The 30% Throughput Trade-Off
SAGA is not free. The paper is transparent about the cost: approximately 30% lower peak throughput compared to throughput-optimal batch scheduling. This is the inherent tension between latency-optimized and throughput-optimized serving.
For batch workloads — processing a queue of documents, running evaluations, generating embeddings — you want maximum throughput. SAGA is not the right tool. For interactive agent deployments where a user is waiting for a response — GitHub Copilot, Amazon Q, enterprise automation — the 1.64x latency reduction matters more than raw throughput. The Scalable Inference Architectures for Compound AI Systems study from April 2026 corroborates this: compound AI systems are dominated by interactive, latency-sensitive deployments.
The practical implication for platform teams: you probably need both. A throughput-optimized pool for batch inference and a latency-optimized pool for interactive agents. SAGA gives you the architecture for the second one. Our earlier analysis of DRA-based K8s AI scheduling addressed the infrastructure layer; SAGA operates above it.
What This Means for Your Infrastructure
If you’re running agent workloads in production, three numbers from this paper should change how you think about GPU allocation:
- 6x latency overhead from request-level scheduling. If your agent feels slow, the bottleneck might not be the model — it might be the scheduler throwing away cache between steps.
- 42% GPU memory utilization. You’re paying for 100% of your GPUs and using less than half. Workflow-aware scheduling pushes this to 71%.
- 1.64x task completion improvement without changing hardware or models. This is pure scheduling efficiency.

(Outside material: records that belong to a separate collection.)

definition peval :: "(nat \<times> nat \<Rightarrow> real) \<Rightarrow> real \<Rightarrow> real \<Rightarrow> real" where
  "peval c x y = (\<Sum>k\<in>supp2 c. c k * x ^ fst k * y ^ snd k)"

definition supp_real :: "(nat \<times> nat \<Rightarrow> real) \<Rightarrow> (real \<times> real) set" where
  "supp_real c = (\<lambda>k. (real (fst k), real (snd k))) ` supp2 c"

definition wdeg :: "nat \<times> nat \<Rightarrow> nat \<times> nat \<Rightarrow> nat" where
  "wdeg A k = fst A * fst k + snd A * snd k"

definition main_form :: "(nat \<times> nat \<Rightarrow> real) \<Rightarrow> nat \<times> nat \<Rightarrow> (nat \<times> nat \<Rightarrow> real)" where
  "main_form c A = (\<lambda>k. if k \<in> supp2 c \<and> (\<forall>k'\<in>supp2 c. wdeg A k \<le> wdeg A k') then c k else 0)"

definition wvals :: "(nat \<times> nat \<Rightarrow> real) \<Rightarrow> nat \<times> nat \<Rightarrow> nat set" where
  "wvals c A = wdeg A ` supp2 c"

text \<open>\<phi>_i^A (i \<ge> 1); zero for i > r_A.\<close>
definition phi :: "(nat \<times> nat \<Rightarrow> real) \<Rightarrow> nat \<times> nat \<Rightarrow> nat \<Rightarrow> (nat \<times> nat \<Rightarrow> real)" where
  "phi c A i = (\<lambda>k. if 1 \<le> i \<and> i \<le> card (wvals c A) \<and> k \<in> supp2 c
                        \<and> wdeg A k = sorted_list_of_set (wvals c A) ! (i - 1)
                     then c k else 0)"

definition char_poly :: "(nat \<times> nat \<Rightarrow> real) \<Rightarrow> nat \<times> nat \<Rightarrow> real \<Rightarrow> real" where
  "char_poly c A u =
     (let f = phi c A 1; \<alpha>1 = Max (fst ` supp2 f)
      in (\<Sum>k\<in>supp2 f. f k * u ^ ((\<alpha>1 - fst k) div snd A)))"

definition N0sq :: "(nat \<times> nat) set" where
  "N0sq = {A. fst A \<ge> 1 \<and> snd A \<ge> 1 \<and> coprime (fst A) (snd A)}"

definition calA :: "(nat \<times> nat \<Rightarrow> real) \<Rightarrow> (nat \<times> nat) set" where
  "calA c = {A \<in> N0sq. card (supp2 (phi c A 1)) \<ge> 3
                \<and> (\<forall>u. char_poly c A u \<ge> 0) \<and> (\<exists>u. char_poly c A u = 0)}"

definition C2 :: "(nat \<times> nat \<Rightarrow> real) \<Rightarrow> nat \<times> nat \<Rightarrow> bool" where
  "C2 c A \<longleftrightarrow> (\<forall>x y. peval (phi c A 1) x y = 0 \<and> x \<noteq> 0 \<and> y \<noteq> 0 \<longrightarrow> peval (phi c A 2) x y > 0)"

definition C2tilde :: "(nat \<times> nat \<Rightarrow> real) \<Rightarrow> nat \<times> nat \<Rightarrow> bool" where
  "C2tilde c A \<longleftrightarrow>
     (\<forall>x y. peval (phi c A 1) x y = 0 \<and> peval (phi c A 2) x y = 0 \<and> x \<noteq> 0 \<and> y \<noteq> 0
              \<longrightarrow> peval (phi c A 3) x y > 0)
     \<and> (\<forall>x y. peval (phi c A 2) x y \<ge> 0)"

end

theory Submission
  imports Defs
begin

(*
  Suppose p(x_n, y_n) < 0 along a sequence tending to the origin.  On an axis, the lowest
  monomial of p on that axis is isolated by a suitable main form and dominates.  Off the axes write
  |x_n| = exp(-s_n), |y_n| = exp(-t_n) and pass to a subsequence along which s_n / (s_n + t_n)
  converges to some w.  If the weight (w, 1 - w) is minimised on N_p at a single vertex, the
  corresponding monomial dominates p, and it is positive off the axes because a nearby integer
  weight makes it the main form.  Otherwise w = A_1 / (A_1 + A_2) for the coprime normal A of an
  edge.  If A_1 t_n - A_2 s_n is unbounded, an endpoint of the edge dominates in the same way.  If
  it stays bounded, then (x_n, y_n) = (xi_n l_n^A_1, eta_n l_n^A_2) with l_n -> 0 and
  (xi_n, eta_n) -> (a, b), ab <> 0, and p(x_n, y_n) = sum_i l_n^B_i phi_i^A(xi_n, eta_n).  If
  phi_1^A(a, b) = 0 then A lies in calA, and (C2) or (C2~) yields a level i0 with phi_i0^A(a, b) > 0
  such that all lower levels are nonnegative; hence p(x_n, y_n) > 0 eventually.
*)

section \<open>Supports, levels and main forms\<close>

lemma is_bipoly_finite_supp2: "is_bipoly c \<Longrightarrow> finite (supp2 c)"
  by (simp add: is_bipoly_def supp2_def)

lemma peval_zero [simp]: "peval (\<lambda>_. 0) x y = 0"
  by (simp add: peval_def supp2_def)

lemma tendsto_peval:
  "X \<longlonglongrightarrow> a \<Longrightarrow> Y \<longlonglongrightarrow> b \<Longrightarrow> (\<lambda>n. peval d (X n) (Y n)) \<longlonglongrightarrow> peval d a b"
  unfolding peval_def by (intro tendsto_intros)

lemma phi_on_supp2: "k \<in> supp2 (phi c A i) \<Longrightarrow> phi c A i k = c k"
  by (auto simp: phi_def supp2_def split: if_split_asm)

lemma phi_eq_zero: "card (wvals c A) < i \<Longrightarrow> phi c A i = (\<lambda>_. 0)"
  by (auto simp: phi_def)

lemma peval_phi:
  assumes "1 \<le> i" "i \<le> card (wvals c A)"
  shows "peval (phi c A i) x y =
    (\<Sum>k | k \<in> supp2 c \<and> wdeg A k = sorted_list_of_set (wvals c A) ! (i - 1). c k * x ^ fst k * y ^ snd k)"
proof -
  have "supp2 (phi c A i) = {k. k \<in> supp2 c \<and> wdeg A k = sorted_list_of_set (wvals c A) ! (i - 1)}"
    using assms by (auto simp: supp2_def phi_def)
  then show ?thesis
    unfolding peval_def by (intro sum.cong) (use assms in \<open>auto simp: phi_def\<close>)
qed

lemma phi_one_eq_main_form:
  assumes "finite (supp2 c)"
  shows "phi c A 1 = main_form c A"
proof
  fix k
  let ?W = "wvals c A"
  show "phi c A 1 k = main_form c A k"
  proof (cases "k \<in> supp2 c")
    case True
    then have W: "finite ?W" "wdeg A k \<in> ?W"
      using assms by (auto simp: wvals_def)
    then have "sorted_list_of_set ?W ! 0 = Min ?W"
      by (subst sorted_list_of_set_nonempty) auto
    moreover have "1 \<le> card ?W"
      using W by (metis One_nat_def Suc_leI card_gt_0_iff empty_iff)
    moreover have "wdeg A k = Min ?W \<longleftrightarrow> (\<forall>w\<in>?W. wdeg A k \<le> w)"
      using W Min_le by (metis Min_eqI)
    ultimately show ?thesis
      using True by (simp add: phi_def main_form_def wvals_def)
  qed (simp add: phi_def main_form_def)
qed

lemma supp2_phi_one:
  "finite (supp2 c) \<Longrightarrow> supp2 (phi c A 1) = {k \<in> supp2 c. \<forall>k'\<in>supp2 c. wdeg A k \<le> wdeg A k'}"
  unfolding phi_one_eq_main_form by (auto simp: main_form_def supp2_def)

lemma wdeg_swap: "wdeg A (prod.swap k) = wdeg (prod.swap A) k"
  by (simp add: wdeg_def add.commute)

lemma supp2_swap: "supp2 (c \<circ> prod.swap) = prod.swap ` supp2 c"
  by (force simp: supp2_def)

lemma peval_swap [simp]: "peval (c \<circ> prod.swap) x y = peval c y x"
  unfolding peval_def supp2_swap
  by (subst sum.reindex) (auto simp: mult_ac)

lemma main_form_swap: "main_form (c \<circ> prod.swap) A = main_form c (prod.swap A) \<circ> prod.swap"
  by (force simp: main_form_def supp2_swap wdeg_swap[symmetric])


section \<open>Quasi-homogeneous expansion\<close>

lemma peval_quasi_scaled:
  "peval c (\<xi> * lam ^ fst A) (\<eta> * lam ^ snd A) =
     (\<Sum>k\<in>supp2 c. c k * \<xi> ^ fst k * \<eta> ^ snd k * lam ^ wdeg A k)"
  unfolding peval_def wdeg_def
  by (intro sum.cong refl) (simp add: power_mult_distrib power_add mult.commute flip: power_mult)

lemma sum_level_eq_phi:
  assumes "1 \<le> i" "i \<le> card (wvals c A)"
  shows "(\<Sum>k | k \<in> supp2 c \<and> wdeg A k = sorted_list_of_set (wvals c A) ! (i - 1).
            c k * \<xi> ^ fst k * \<eta> ^ snd k * lam ^ wdeg A k)
         = lam ^ (sorted_list_of_set (wvals c A) ! (i - 1)) * peval (phi c A i) \<xi> \<eta>"
  by (simp add: peval_phi[OF assms] sum_distrib_left mult.commute)
(* Let $V=\{1,\dots,n\}$, let $(\bar\Omega,\mathcal F,\mathbb P)$ be a probability space, and let $\sigma:\{0,1\}^n\times\bar\Omega\to\mathbb R$ be such that for every $\omega$ the function $x\mapsto\sigma(x,\omega)$ on $\{0,1\}^n$ (viewed as a set function on $V$) is nondecreasing and submodular, and each $\sigma(x)$ is integrable. Let $\mathcal X\subseteq\{0,1\}^n$ be nonempty and $\alpha\in(0,1]$. Consider the following delayed constraint generation algorithm for $\max_{x\in\mathcal X}\mathrm{CVaR}_\alpha(\sigma(x))$, with tolerance $\epsilon=0$: start with a finite set $\mathcal C$ of optimality cuts, $\mathrm{UB}=\infty$, $\mathrm{LB}=-\infty$; while $\mathrm{UB}-\mathrm{LB}>\epsilon$: solve the relaxed master problem $\max\{\psi:(x,\psi)\text{ satisfies all cuts in }\mathcal C,\ x\in\mathcal X,\ \psi\in\mathbb R\}$ to optimality, obtaining $(\bar\psi,\bar x)$; set $\mathrm{UB}=\bar\psi$ and $\mathrm{LB}=\mathrm{CVaR}_\alpha(\sigma(\bar x))$; add to $\mathcal C$ the cut (A) and/or the cut (B) generated at $\bar x$, where, with $\bar X$ the support of $\bar x$, (A): $\psi\le\mathrm{CVaR}_\alpha(\sigma(\bar x))+\sum_{j\in V\setminus\bar X}(\mathrm{CVaR}_1(\sigma(\bar x+\mathbf e_j))-\mathrm{CVaR}_\alpha(\sigma(\bar x)))x_j$; (B): $\psi\le\mathrm{CVaR}_\alpha(\sigma(\bar x))+\sum_{i=1}^r\bar\delta_{j_i}(\bar x)x_{j_i}$, for some ordering $j_1,\dots,j_r$ of $V\setminus\bar X$, $\bar\delta_{j_i}(\bar x)=\mathrm{CVaR}_\alpha(\sigma(\mathbf 1-\sum_{l=i+1}^r\mathbf e_{j_l}))-\mathrm{CVaR}_\alpha(\sigma(\bar x))$; upon termination output $\bar x$. Then this algorithm terminates after finitely many iterations and outputs an optimal solution of $\max_{x\in\mathcal X}\mathrm{CVaR}_\alpha(\sigma(x))$.
   Context: $\mathrm{CVaR}_\alpha(Y)=\max_{\eta\in\mathbb R}\{\eta-\frac1\alpha\mathbb E([\eta-Y]_+)\}$ for integrable $Y$ and $\alpha\in(0,1]$, with $[z]_+=\max(z,0)$. $\mathbf e_j$ is the $j$-th unit vector and $\mathbf 1$ the all-ones vector in $\mathbb R^n$. It is assumed that $\mathrm{CVaR}_\alpha(\sigma(x))$ can be evaluated exactly for any given $x$ (a CVaR oracle), and that each relaxed master problem is solved to optimality. *)

theory Defs
  imports "HOL-Probability.Probability"
begin

text \<open>Points of the ground set V are the elements of the finite index type 'n
  (so n = CARD('n)); vectors in R^n are elements of real^'n.\<close>

definition binvecs :: "(real^'n) set" where
  "binvecs = {x. \<forall>i. x $ i = 0 \<or> x $ i = 1}"

definition indvec :: "'n set \<Rightarrow> real^'n" where
  "indvec S = (\<chi> i. if i \<in> S then 1 else 0)"

definition supp :: "real^'n \<Rightarrow> 'n set" where
  "supp x = {j. x $ j \<noteq> 0}"

definition unitv :: "'n \<Rightarrow> real^'n" where
  "unitv j = axis j 1"

definition onesv :: "real^'n" where
  "onesv = (\<chi> i. 1)"

definition nondecr_setfun :: "('n set \<Rightarrow> real) \<Rightarrow> bool" where
  "nondecr_setfun f \<longleftrightarrow> (\<forall>S T. S \<subseteq> T \<longrightarrow> f S \<le> f T)"

definition submodular_setfun :: "('n set \<Rightarrow> real) \<Rightarrow> bool" where
  "submodular_setfun f \<longleftrightarrow> (\<forall>S T. f (S \<union> T) + f (S \<inter> T) \<le> f S + f T)"

text \<open>CVaR_alpha(Y) = max over eta of eta - (1/alpha) E[(eta - Y)_+]; the maximum is
  attained, so it equals the supremum.\<close>
definition cvar :: "'a measure \<Rightarrow> real \<Rightarrow> ('a \<Rightarrow> real) \<Rightarrow> real" where
  "cvar M \<alpha> Y = (SUP \<eta>::real. \<eta> - (1 / \<alpha>) * integral\<^sup>L M (\<lambda>\<omega>. max (\<eta> - Y \<omega>) 0))"

text \<open>A cut (a, b) stands for the linear inequality  psi \<le> a + sum_j b_j x_j.\<close>
type_synonym 'n cut = "real \<times> (real^'n)"

definition sat_cut :: "'n cut \<Rightarrow> real^'n \<Rightarrow> real \<Rightarrow> bool" where
  "sat_cut c x \<psi> \<longleftrightarrow> \<psi> \<le> fst c + (\<Sum>j\<in>UNIV. snd c $ j * x $ j)"

definition optimality_cut ::
  "'a measure \<Rightarrow> (real^'n \<Rightarrow> 'a \<Rightarrow> real) \<Rightarrow> real \<Rightarrow> (real^'n) set \<Rightarrow> 'n cut \<Rightarrow> bool" where
  "optimality_cut M \<sigma> \<alpha> X c \<longleftrightarrow> (\<forall>x\<in>X. sat_cut c x (cvar M \<alpha> (\<sigma> x)))"

definition cutA ::
  "'a measure \<Rightarrow> (real^'n \<Rightarrow> 'a \<Rightarrow> real) \<Rightarrow> real \<Rightarrow> real^'n \<Rightarrow> 'n cut" where
  "cutA M \<sigma> \<alpha> xb =
     (cvar M \<alpha> (\<sigma> xb),
      \<chi> j. if j \<notin> supp xb then cvar M 1 (\<sigma> (xb + unitv j)) - cvar M \<alpha> (\<sigma> xb) else 0)"

text \<open>Cut (B) generated at xb for an ordering js = [j_1,...,j_r] of V - supp xb
  (0-based list indices: delta of js!i uses the elements js!l with i < l < r).\<close>
definition cutB ::
  "'a measure \<Rightarrow> (real^'n \<Rightarrow> 'a \<Rightarrow> real) \<Rightarrow> real \<Rightarrow> real^'n \<Rightarrow> 'n list \<Rightarrow> 'n cut" where
  "cutB M \<sigma> \<alpha> xb js =
     (cvar M \<alpha> (\<sigma> xb),
      \<chi> j. (\<Sum>i<length js. if js ! i = j then
               cvar M \<alpha> (\<sigma> (onesv - (\<Sum>l\<in>{Suc i..<length js}. unitv (js ! l))))
                 - cvar M \<alpha> (\<sigma> xb)
             else 0))"

definition ordering_of :: "'n list \<Rightarrow> 'n set \<Rightarrow> bool" where
  "ordering_of js A \<longleftrightarrow> distinct js \<and> set js = A"

definition master_opt :: "(real^'n) set \<Rightarrow> 'n cut set \<Rightarrow> real^'n \<Rightarrow> real \<Rightarrow> bool" where
  "master_opt X C x \<psi> \<longleftrightarrow>
     (x \<in> X \<and> (\<forall>c\<in>C. sat_cut c x \<psi>)) \<and>
     (\<forall>x' \<psi>'. x' \<in> X \<and> (\<forall>c\<in>C. sat_cut c x' \<psi>') \<longrightarrow> \<psi>' \<le> \<psi>)"

text \<open>A (possibly infinite) run of the delayed constraint generation algorithm with
  tolerance 0: iteration k (k = 0,1,...) is executed iff UB - LB > 0 after all earlier
  iterations; in it, (psis k, xs k) is an optimal master solution for cut set Cs k,
  UB = psis k, LB = CVaR_alpha(sigma(xs k)), and cut (A) and/or cut (B) generated at
  xs k is added, giving Cs (Suc k).\<close>
definition dcg_run ::
  "'a measure \<Rightarrow> (real^'n \<Rightarrow> 'a \<Rightarrow> real) \<Rightarrow> real \<Rightarrow> (real^'n) set \<Rightarrow> 'n cut set \<Rightarrow>
   (nat \<Rightarrow> real^'n) \<Rightarrow> (nat \<Rightarrow> real) \<Rightarrow> (nat \<Rightarrow> 'n cut set) \<Rightarrow> bool" where
  "dcg_run M \<sigma> \<alpha> X C0 xs psis Cs \<longleftrightarrow>
     Cs 0 = C0 \<and>
     (\<forall>k. (\<forall>i<k. psis i - cvar M \<alpha> (\<sigma> (xs i)) > 0) \<longrightarrow>
        master_opt X (Cs k) (xs k) (psis k) \<and>
        (Cs (Suc k) = Cs k \<union> {cutA M \<sigma> \<alpha> (xs k)} \<or>
         (\<exists>js. ordering_of js (UNIV - supp (xs k)) \<and>
            (Cs (Suc k) = Cs k \<union> {cutB M \<sigma> \<alpha> (xs k) js} \<or>
             Cs (Suc k) = Cs k \<union> {cutA M \<sigma> \<alpha> (xs k), cutB M \<sigma> \<alpha> (xs k) js}))))"

end

theory Submission
  imports Defs
begin

text \<open>Both cuts are valid on all binary vectors. Cut (B) only needs monotonicity of
  S \<mapsto> CVaR_alpha(sigma(1_S)) along the chain of supersets 1 - sum_{l>i} e_{j_l} of the support
  of xb. Cut (A) combines CVaR_alpha \<le> E = CVaR_1 with submodularity of S \<mapsto> E sigma(1_S); the
  increments may be measured from CVaR_alpha(sigma(xb)) instead of E sigma(xb) because at least one
  increment is present whenever the support grows. Both cuts are tight at xb. Hence the master
  value is an upper bound on the optimum, and a revisited point meets its own tight cut, which
  forces UB \<le> LB. There are finitely many binary vectors, so the gap closes after finitely many
  iterations, and then LB = CVaR_alpha(sigma(xb)) attains the upper bound.\<close>

context prob_space
begin

lemma integrable_shortfall:
  fixes Y :: "'a \<Rightarrow> real"
  assumes "integrable M Y"
  shows "integrable M (\<lambda>\<omega>. max (\<eta> - Y \<omega>) 0)"
  using assms by (intro integrable_max integrable_diff) auto

lemma cvar_objective_le_expectation:
  fixes Y :: "'a \<Rightarrow> real"
  assumes Y: "integrable M Y" and "0 < \<alpha>" "\<alpha> \<le> 1"
  shows "\<eta> - (1 / \<alpha>) * (\<integral>\<omega>. max (\<eta> - Y \<omega>) 0 \<partial>M) \<le> expectation Y"
proof -
  let ?E = "\<integral>\<omega>. max (\<eta> - Y \<omega>) 0 \<partial>M"
  have "\<eta> - expectation Y = (\<integral>\<omega>. \<eta> - Y \<omega> \<partial>M)"
    using Y by (simp add: prob_space)
  also have "\<dots> \<le> ?E"
    using Y integrable_shortfall[OF Y] by (intro integral_mono) auto
  also have "\<dots> \<le> (1 / \<alpha>) * ?E"
    using assms(2,3) integral_nonneg_AE[of "\<lambda>\<omega>. max (\<eta> - Y \<omega>) 0" M]
    by (simp add: le_divide_eq mult_left_le)
  finally show ?thesis by simp
qed
lemma divide:
  assumes "regular U f" "regular U g" "\<forall>q\<in>U. g q \<noteq> 0" "p \<in> U"
  shows "D (\<lambda>q. f q / g q) p = (D f p * g p - f p * D g p) / (g p)\<^sup>2"
proof -
  have "D (\<lambda>q. f q / g q) p = D (\<lambda>q. f q * inverse (g q)) p"
    by (simp only: divide_inverse)
  also have "\<dots> = D f p * inverse (g p) + f p * D (\<lambda>q. inverse (g q)) p"
    using assms by (intro mult regular.inverse)
  also have "\<dots> = D f p * inverse (g p) - f p * (D g p * inverse (g p) ^ 2)"
    using inverse[OF assms(2-4)] by simp
  also have "\<dots> = (D f p * g p - f p * D g p) / (g p)\<^sup>2"
    using assms(3,4) by (auto simp: field_simps power2_eq_square)
  finally show ?thesis .
qed

end

lemma regular_derivation_lincomb:
  assumes "regular_derivation U D\<^sub>1" "regular_derivation U D\<^sub>2" "regular U a" "regular U b"
  shows "regular_derivation U (\<lambda>f p. a p * D\<^sub>1 f p + b p * D\<^sub>2 f p)"
proof -
  interpret D\<^sub>1: regular_derivation U D\<^sub>1 by fact
  interpret D\<^sub>2: regular_derivation U D\<^sub>2 by fact
  show ?thesis
  proof
    show "regular U (\<lambda>p. a p * D\<^sub>1 f p + b p * D\<^sub>2 f p)" if "regular U f" for f
      using assms(3,4) that by (intro regular.add regular.mult D\<^sub>1.regular_image D\<^sub>2.regular_image)
    show "a p * D\<^sub>1 f p + b p * D\<^sub>2 f p = a p * D\<^sub>1 g p + b p * D\<^sub>2 g p"
      if "p \<in> U" "\<forall>q\<in>U. f q = g q" for p f g
      using D\<^sub>1.cong[OF that] D\<^sub>2.cong[OF that] by simp
    show "a p * D\<^sub>1 (\<lambda>_. c) p + b p * D\<^sub>2 (\<lambda>_. c) p = 0" for c p
      by (simp add: D\<^sub>1.const D\<^sub>2.const)
    show "a p * D\<^sub>1 (\<lambda>q. f q + g q) p + b p * D\<^sub>2 (\<lambda>q. f q + g q) p
        = (a p * D\<^sub>1 f p + b p * D\<^sub>2 f p) + (a p * D\<^sub>1 g p + b p * D\<^sub>2 g p)"
      if "regular U f" "regular U g" "p \<in> U" for f g p
      using that by (simp add: D\<^sub>1.add D\<^sub>2.add algebra_simps)
    show "a p * D\<^sub>1 (\<lambda>q. f q * g q) p + b p * D\<^sub>2 (\<lambda>q. f q * g q) p
        = (a p * D\<^sub>1 f p + b p * D\<^sub>2 f p) * g p + f p * (a p * D\<^sub>1 g p + b p * D\<^sub>2 g p)"
      if "regular U f" "regular U g" "p \<in> U" for f g p
      using that by (simp add: D\<^sub>1.mult D\<^sub>2.mult algebra_simps)
  qed
qed

lemma regular_derivation_pdir:
  assumes "open U" "i < 4"
  shows "regular_derivation U (pdir (coord_dir i))"
proof
  show "regular U (pdir (coord_dir i) f)" if "regular U f" for f
    using assms that by (intro regular_pdir)
  show "pdir (coord_dir i) f p = pdir (coord_dir i) g p" if "p \<in> U" "\<forall>q\<in>U. f q = g q" for p f g
    using assms(1) that by (rule pdir_cong_open)
  show "pdir (coord_dir i) (\<lambda>_. c) p = 0" for c p
    by (rule pdir_const)
  show "pdir (coord_dir i) (\<lambda>q. f q + g q) p = pdir (coord_dir i) f p + pdir (coord_dir i) g p"
    if "regular U f" "regular U g" "p \<in> U" for f g p
    using assms that by (intro pdir_add regular_line_differentiable)
  show "pdir (coord_dir i) (\<lambda>q. f q * g q) p = pdir (coord_dir i) f p * g p + f p * pdir (coord_dir i) g p"
    if "regular U f" "regular U g" "p \<in> U" for f g p
    using assms that by (intro pdir_mult regular_line_differentiable)
qed
(* Let $G,H$ be finite simple graphs, $x\in V(G)$, $y\in V(H)$. Then the graph $\big(S(x)*B(y)\big)\cup\big(B(x)*S(y)\big)$ (that is, the unit sphere $S_{G*H}(x,y)$) is homotopic to the join $S(x)\oplus S(y)$: the clique complexes of the two graphs are homotopy equivalent. In particular $\chi(S_{G*H}(x,y))=\chi(S(x)\oplus S(y))$.
   Context: All graphs are finite simple graphs. For a vertex $x$ of $G$, $S(x)$ is the subgraph induced on the vertices adjacent to $x$, and $B(x)$ is the subgraph induced on $V(S(x))\cup\{x\}$. The strong product $G*H$ has vertex set $V(G)\times V(H)$, two distinct vertices $(a,b),(c,d)$ being adjacent iff ($a=c$ or $a\sim c$ in $G$) and ($b=d$ or $b\sim d$ in $H$); for induced subgraphs $A\subseteq G$, $C\subseteq H$, $A*C$ is the subgraph of $G*H$ induced on $V(A)\times V(C)$, and a union of such subgraphs means the subgraph induced on the union of vertex sets. The (Zykov) join $A\oplus C$ of two graphs is their disjoint union together with all edges between a vertex of $A$ and a vertex of $C$. The clique (Whitney) complex of a graph is the simplicial complex of its vertex sets of complete subgraphs. The Euler characteristic is $\chi(G)=\sum_{k\ge0}(-1)^k f_k(G)$, where $f_k(G)$ is the number of complete subgraphs with $k+1$ vertices ($\chi$ of the empty graph is $0$). *)

theory Defs
  imports "HOL-Analysis.Analysis"
begin

type_synonym 'a graph = "'a set \<times> ('a \<Rightarrow> 'a \<Rightarrow> bool)"

definition verts :: "'a graph \<Rightarrow> 'a set" where "verts G = fst G"
definition adj :: "'a graph \<Rightarrow> 'a \<Rightarrow> 'a \<Rightarrow> bool" where "adj G = snd G"
lemma coupling_diff_bound:
  assumes C: "\<forall>hl\<in>nbhd m n r ij. 0 \<le> C ij hl"
    and f_bound: "\<forall>s. \<bar>f s\<bar> \<le> Mf" and f_lip: "\<forall>s1 s2. \<bar>f s1 - f s2\<bar> \<le> Lf * \<bar>s1 - s2\<bar>" and Lf: "0 \<le> Lf"
    and v: "\<bar>v ij\<bar> \<le> H" and uv: "\<forall>hl\<in>insert ij (nbhd m n r ij). \<bar>u hl - v hl\<bar> \<le> N"
  shows "\<bar>coupling m n r C f u ij - coupling m n r C f v ij\<bar> \<le> (Mf + H * Lf) * Csum m n r C ij * N"
proof -
  have N: "0 \<le> N" using uv by (meson abs_ge_zero insertI1 order_trans)
  have summand_bound: "\<bar>f (u hl) * u ij - f (v hl) * v ij\<bar> \<le> (Mf + H * Lf) * N" if hl: "hl \<in> nbhd m n r ij" for hl
  proof -
    have "f (u hl) * u ij - f (v hl) * v ij = f (u hl) * (u ij - v ij) + (f (u hl) - f (v hl)) * v ij"
      by (simp add: algebra_simps)
    also have "\<bar>\<dots>\<bar> \<le> \<bar>f (u hl)\<bar> * \<bar>u ij - v ij\<bar> + \<bar>f (u hl) - f (v hl)\<bar> * \<bar>v ij\<bar>"
      by (metis abs_mult abs_triangle_ineq)
    also have "\<dots> \<le> Mf * N + (Lf * N) * H"
    proof (rule add_mono)
      show "\<bar>f (u hl)\<bar> * \<bar>u ij - v ij\<bar> \<le> Mf * N"
        using f_bound uv N by (intro mult_mono) auto
      have "\<bar>f (u hl) - f (v hl)\<bar> \<le> Lf * N"
        using f_lip uv hl Lf by (meson insertI2 mult_left_mono order_trans)
      then show "\<bar>f (u hl) - f (v hl)\<bar> * \<bar>v ij\<bar> \<le> (Lf * N) * H"
        using v Lf N by (intro mult_mono) auto
    qed
    finally show ?thesis by (simp add: algebra_simps)
  qed
  have "coupling m n r C f u ij - coupling m n r C f v ij
      = (\<Sum>hl\<in>nbhd m n r ij. C ij hl * (f (u hl) * u ij - f (v hl) * v ij))"
    unfolding coupling_def by (simp add: sum_subtractf[symmetric] algebra_simps)
  also have "\<bar>\<dots>\<bar> \<le> (\<Sum>hl\<in>nbhd m n r ij. C ij hl * ((Mf + H * Lf) * N))"
    using C summand_bound by (intro order_trans[OF sum_abs] sum_mono) (simp add: abs_mult mult_left_mono)
  also have "\<dots> = (Mf + H * Lf) * Csum m n r C ij * N"
    unfolding Csum_def sum_distrib_right[symmetric] by (simp only: mult_ac)
  finally show ?thesis .
qed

The SAGA scheduler is not yet production-available as an open-source project, but the design patterns are implementable today. Start by enabling prefix caching in vLLM (APC mode), route agent sessions to the same GPU replica when possible, and measure your KV cache hit rates between agent steps. If you see what the paper describes — high regeneration rates and low memory utilization — the workflow-atomic scheduling pattern is worth implementing. Pair this with techniques from our speculative decoding for MoE inference for compounded gains.
The Kubernetes AI infrastructure landscape in 2026 is converging on DRA-based GPU scheduling and Kueue-based quota management. But these solve the infrastructure layer. SAGA operates at the workload layer — understanding that agent steps are not independent requests but stages of a single program. That’s the abstraction shift that matters.
References
- SAGA: Workflow-Atomic Scheduling for AI Agent Inference on GPU Clusters — Guo, Wu, Yiu. HPDC ’26, May 2026.
- vLLM Optimization and Tuning Documentation — vLLM Project, 2026.
- AI Inference Cost Economics in 2026: GPU FinOps Playbook — Spheron Network, 2026.
- Scalable Inference Architectures for Compound AI Systems — Production Deployment Study, April 2026.
- Kubernetes AI Infrastructure in 2026: GPU Scheduling & Production Realities — CloudOptimo, 2026.
- KV Cache Optimization: Memory Efficiency for Production LLMs — Introl, 2026.